Clockwork Phoenix: Tales of Beauty and Strangeness
Page 20
He has turned toward me. He holds out his hands to show that they are empty.
“I want to die,” he says. “Even here, I can’t get rid of . . . I can’t go on. I have a perfect memory; I remember everything I have ever done, whether awake or in my dreams. All I want now is death . . . at your hands—”
“No, no,” Suvarna says to him. “Don’t talk like that. I won’t let anyone kill you.” She holds his arm, trying to pull him away. Her voice rises in a scream. “Don’t let him kill you! I’ll be all alone!”
“She thinks it will get better with time,” he says to me, ignoring her. “But I want to end it more than anything. I have had not a moment—not one moment of peace. Six times I tried to kill myself, and six times she prevented me.”
He turns to her: “Foolish Suvarna, we are all ‘all alone.’ I can’t allow you to interfere this time. Now go away and let me die.”
He pushes her suddenly and violently, throwing her across the room. She lies against the far wall in a huddle, staring at him with wide, shocked eyes.
“Death is not what I had in mind,” I say, coming closer. “Death would be too good for you, Hirasor.” I bring my armored hands up to his throat. He stands in front of me, not resisting, waiting. For a moment I think it is the old dream again, him and me at each other’s throats at the world’s end, but it is all going wrong. His wild eyes beg me for death. He shudders violently. I dig my claws into his neck, feel the pulse of the machine that he is, prepare myself to rip him half to death, to say the Word that will condemn him to perpetual hell, a hair’s-breadth short of death. “Please, please, hurry” he begs, half-choking, not understanding what it is I am giving him.
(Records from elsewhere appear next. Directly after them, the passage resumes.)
lemma tensor_line_rel_span_singleton:
  "tensor_line_rel (fs.span {t}) = maps_into_rel s1 s2 (tensor_to_map t)"
proof (rule antisym)
  have "fun_scale 1 t = t" by (simp add: fun_scale_def)
  then show "tensor_line_rel (fs.span {t}) \<subseteq> maps_into_rel s1 s2 (tensor_to_map t)"
    unfolding tensor_line_rel_def using fs.span_base[of t "{t}"] by blast
  have "tensor_to_map (fun_scale k t) = (\<lambda>x. k *b tensor_to_map t x)" for k
    by (rule ext) (rule tensor_to_map_scale)
  then have "maps_into_rel s1 s2 (tensor_to_map t) \<subseteq> maps_into_rel s1 s2 (tensor_to_map (fun_scale k t))" for k
    using maps_into_rel_scale_subset by simp
  then show "maps_into_rel s1 s2 (tensor_to_map t) \<subseteq> tensor_line_rel (fs.span {t})"
    unfolding tensor_line_rel_def fs.span_singleton by blast
qed

lemma tensor_span_subset_if_maps_into_rel_eq:
  assumes "t \<in> tensor_space s1 s2" "t' \<in> tensor_space s1 s2"
    and "maps_into_rel s1 s2 (tensor_to_map t) = maps_into_rel s1 s2 (tensor_to_map t')"
  shows "fs.span {t'} \<subseteq> fs.span {t}"
proof -
  obtain c where "\<And>x. tensor_to_map t' x = c *b tensor_to_map t x"
    using maps_into_rel_eq_imp_proportional[OF linear_tensor_to_map linear_tensor_to_map assms(3)] by blast
  then have "t' = fun_scale c t" by (rule tensor_to_map_eq_scale_imp[OF assms(1,2)])
  then have "t' \<in> fs.span {t}" using fs.span_scale[OF fs.span_base[of t "{t}"]] by simp
  then show ?thesis using fs.span_minimal[of "{t'}"] by simp
qed

lemma inj_on_tensor_line_rel: "inj_on tensor_line_rel (tensor_lines s1 s2)"
proof (rule inj_onI)
  fix L L' assume "L \<in> tensor_lines s1 s2" "L' \<in> tensor_lines s1 s2" and eq: "tensor_line_rel L = tensor_line_rel L'"
  then obtain t t' where t: "t \<in> tensor_space s1 s2" "L = fs.span {t}"
    and t': "t' \<in> tensor_space s1 s2" "L' = fs.span {t'}"
    unfolding tensor_lines_def by blast
  have "maps_into_rel s1 s2 (tensor_to_map t) = maps_into_rel s1 s2 (tensor_to_map t')"
    using eq unfolding t(2) t'(2) tensor_line_rel_span_singleton .
  then show "L = L'"
    using tensor_span_subset_if_maps_into_rel_eq[OF t(1) t'(1)] tensor_span_subset_if_maps_into_rel_eq[OF t'(1) t(1)]
    unfolding t(2) t'(2) by blast
qed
I cannot do it. This pathetic being—Hirasor, destroyer of worlds! He is no adversary. He sickens me.
Besides, he is in hell already, without my help.
I let my hands fall.
“Live, then,” I say angrily, backing toward the door.
His nostrils flare, his eyes widen. He begins a terrible high-pitched keening, clawing with his hands at his face and hair. Suvarna, who seems to have forgotten about me, has stumbled to her feet and is by his side in an instant. She puts her long arms around him.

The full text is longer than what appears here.